Aaaand...they never actually say why 84% are late. But the title implies
a reason.
Development is tough, it's fraught with problems. Early answers found in prototypes may not scale to production, unanticipated demand may create unforeseen sourcing problems that economies of scale won't answer, etc. I've seen
everything that the major Kickstarter projects are suffering happen in regular product development.
Anyone remember the Sol 20 computer? It was
the computer to have, till Processor Technology got a reputation for shipping long, long after the orderer's check had been cashed. They might still have survived, though. They pulled things together, then blew the deal to become ComputerLand's flagship system. Some guys from a "toy" computer company called "Apple" landed that deal.

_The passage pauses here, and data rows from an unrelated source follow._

(* Let $k\ge1$, let $A_k$ be the matrix defined below, and let $\mathbf{b}=(\mathbf{w}_1,\mathbf{w}_2,c)^{\mathsf T}\in\mathbb{Z}^{2k+1}$ with $\mathbf{w}_1,\mathbf{w}_2\in\mathbb{Z}^k$, $c\in\mathbb{Z}$, such that $\mathcal{F}_{A_k}(\mathbf{b})\neq\emptyset$. Consider the fiber graph $G=G_{A_k,\mathbf{b},\mathcal{G}(A_k)}$ and let $s\in[l(\mathbf{b}),u(\mathbf{b})]$ be an integer. Then a vertex $\mathbf{v}\in C_s(\mathbf{b})$ has a neighbor in $C_{s-1}(\mathbf{b})$ if and only if $s>l(\mathbf{b})$, and in this case it has at least $2^k$ neighbors in $C_{s-1}(\mathbf{b})$. Likewise, $\mathbf{v}$ has a neighbor in $C_{s+1}(\mathbf{b})$ if and only if $s<u(\mathbf{b})$, and in this case it has at least $2^k$ neighbors in $C_{s+1}(\mathbf{b})$.
   Context: $I_k$ is the $k\times k$ identity, $\mathbf{1}_k$ the all-ones vector in $\mathbb{Z}^k$. Define $$A_k=\begin{pmatrix} I_k & I_k & 0 & 0 & -\mathbf{1}_k & \mathbf{0}\\ 0&0&I_k&I_k&\mathbf{0}&-\mathbf{1}_k\\ 0&0&0&0&1&1\end{pmatrix}\in\mathbb{Z}^{(2k+1)\times(4k+2)}$$ (zero blocks of appropriate sizes; last two columns are single columns). Fiber: $\mathcal{F}_A(\mathbf{b})=\{\mathbf{u}\in\mathbb{Z}^n_{\ge0}:A\mathbf{u}=\mathbf{b}\}$. For $\mathcal{M}\subset\mathbb{Z}^n$, $G_{A,\mathbf{b},\mathcal{M}}$ is the graph on $\mathcal{F}_A(\mathbf{b})$ with distinct $\mathbf{u},\mathbf{v}$ adjacent iff $\mathbf{u}-\mathbf{v}\in\pm\mathcal{M}$. The Graver basis $\mathcal{G}(A)$ is the set of $\sqsubseteq$-minimal elements of $(\ker A\cap\mathbb{Z}^n)\setminus\{\mathbf{0}\}$, where $\mathbf{u}\sqsubseteq\mathbf{v}$ iff $u_iv_i\ge0$ and $|u_i|\le|v_i|$ for all $i$. For $\mathbf{w}\in\mathbb{Z}^k$, $\mathbf{w}^-\in\mathbb{Z}^k_{\ge0}$ has entries $\max(-w_i,0)$. For $\mathbf{b}=(\mathbf{w}_1,\mathbf{w}_2,c)$ set $l(\mathbf{b}):=\|\mathbf{w}_1^-\|_\infty$ and $u(\mathbf{b}):=c-\|\mathbf{w}_2^-\|_\infty$. For an integer $s$, $C_s(\mathbf{b}):=\{\mathbf{u}\in\mathcal{F}_{A_k}(\mathbf{b}):u_{4k+1}=s\}$. *)

theory Defs
  imports Main
begin
(* Let $A\in\mathbf{R}^{n\times n}$, $B\in\mathbf{R}^{n\times p}$, $C\in\mathbf{R}^{q\times n}$, $K\in\mathbf{R}^{p\times n}$, $L\in\mathbf{R}^{n\times q}$. Let $\mathcal{G}\in\Gamma_N$ with row-stochastic matrix $\mathcal{D}$, and let $1,\lambda_2,\dots,\lambda_N$ be the eigenvalues of $\mathcal{D}$ (with multiplicity), where $1$ is simple and $|\lambda_i|<1$ for $i=2,\dots,N$. If $A+BK$ and $A+(1-\lambda_i)LC$, $i=2,\dots,N$, are all Schur stable, then the agents reach consensus under the observer-type protocol: for every initial condition $x_i(0),v_i(0)$, $\|x_i(k)-x_j(k)\|\to 0$ as $k\to\infty$ for all $i,j$.
   Context: Agents: $x_i(k+1)=Ax_i(k)+Bu_i(k)$, $y_i=Cx_i$, $i=1,\dots,N$. For a directed graph $\mathcal{G}$ on nodes $\{1,\dots,N\}$ (an edge $(j,i)$ means agent $i$ receives information from agent $j$), its row-stochastic matrix $\mathcal{D}=(d_{ij})\in\mathbf{R}^{N\times N}$ satisfies $d_{ii}>0$, $d_{ij}>0$ for $j\ne i$ iff $(j,i)$ is an edge and $d_{ij}=0$ otherwise, and $\sum_j d_{ij}=1$. $\Gamma_N$ is the set of directed graphs on $N$ nodes containing a directed spanning tree (a root node with a directed path to every other node). Protocol: $\zeta_i=\sum_{j=1}^N d_{ij}(y_i-y_j)$, $v_i(k+1)=(A+BK)v_i(k)+L\big(\sum_{j=1}^N d_{ij}C(v_i-v_j)-\zeta_i\big)$, $u_i=Kv_i$, with $v_i\in\mathbf{R}^n$. A matrix is Schur stable if all its eigenvalues have modulus $<1$. *)

theory Defs
  imports "HOL-Analysis.Analysis" "HOL-Computational_Algebra.Polynomial"
begin

definition cmat :: "real^'c^'r \<Rightarrow> complex^'c^'r" where
  "cmat M = (\<chi> i j. complex_of_real (M $ i $ j))"

definition schur_stable :: "complex^'n^'n \<Rightarrow> bool" where
  "schur_stable M \<longleftrightarrow> (\<forall>\<mu> v. v \<noteq> 0 \<and> M *v v = \<mu> *s v \<longrightarrow> cmod \<mu> < 1)"

definition charpoly :: "complex^'n^'n \<Rightarrow> complex poly" where
  "charpoly M = det (\<chi> i j. (if i = j then [:0, 1:] else 0) - [: M $ i $ j :])"

text \<open>D is the row-stochastic matrix of the directed graph with edge set E
  (an edge (j,i) means agent i receives information from agent j).\<close>
definition row_stochastic_of :: "('N \<times> 'N) set \<Rightarrow> real^'N^'N \<Rightarrow> bool" where
  "row_stochastic_of E D \<longleftrightarrow>
     (\<forall>i. D $ i $ i > 0) \<and>
     (\<forall>i j. i \<noteq> j \<longrightarrow> (D $ i $ j > 0 \<longleftrightarrow> (j, i) \<in> E)) \<and>
     (\<forall>i j. i \<noteq> j \<longrightarrow> (j, i) \<notin> E \<longrightarrow> D $ i $ j = 0) \<and>
     (\<forall>i. (\<Sum>j\<in>UNIV. D $ i $ j) = 1)"

definition has_spanning_tree :: "('N \<times> 'N) set \<Rightarrow> bool" where
  "has_spanning_tree E \<longleftrightarrow> (\<exists>r. \<forall>i. (r, i) \<in> E\<^sup>*)"

end

theory Submission
  imports Defs "Jordan_Normal_Form.Schur_Decomposition" "Jordan_Normal_Form.Spectral_Radius"
begin

(* Write e_i = v_i - x_i for the observer error of agent i.  Subtracting the two
   protocol equations and using that the rows of D sum to 1 gives the closed
   network dynamics  e_i(k+1) = A e_i + L C (e_i - sum_j d_ij e_j),  i.e. in stacked
   form  e(k+1) = (I (x) A + (I - D) (x) LC) e(k).  A Schur triangularisation
   D = P T Q (PQ = I, T upper triangular with diagonal 1, lam_2, ..., lam_N in this
   order) turns the mixed states f = (Q (x) I) e into a triangular cascade in which
   mode a >= 2 is driven by A + (1 - lam_a) LC plus inputs from higher modes; these
   modes decay one after another because a Schur stable system with vanishing input
   converges to zero.  Since D 1 = 1 and lam_a <> 1 for a >= 2, the first column of
   P is constant, so the disagreements e_i - e_j only involve the decaying modes.
   Finally x_i - x_j obeys  (A + BK)-dynamics driven by BK (e_i - e_j) -> 0. *)

no_notation Matrix.vec_index (infixl "$" 100)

I'm in on Ogre Designer's Edition. I'd call it late, but not "Where the ^%$# is it!?"
SJG has been up front on schedule ever since the project went hog-wild. I was disappointed to not have it this fall, but it'll be here about the same time as my Reaper Minis Vampire pack.
Product development doesn't have a schedule, really. Just an unsubstantiated hope based on the experience of the designers/fabricators, etc. And a sudden growth in scale will blow the best-laid plans out of the water. I've seen companies do everything from shipping at a trickle from the prototyping line while building a real production line to building using low-volume methods and warehousing until enough stock to satisfy immediate demand is ready.
I've also seen companies take pre-order money, establish a completely different product line (sometimes under a new corporation), default on the shipments and offer a pittance refund or a "product from stock" credit if anything.
I've seen pre-orders get withheld until after retail stores got their full stock many times. People who bought it off the shelf got theirs weeks before anyone with a pre-order.
All in the "real world", outside Kickstarter.
Personally, I think Kickstarter is great (and IndieGoGo, etc.) Only one product I've backed is on time (so far), but that's the breaks. I don't expect to get stiffed on anything, but on riskier projects I definitely keep my backing to what I can afford to lose.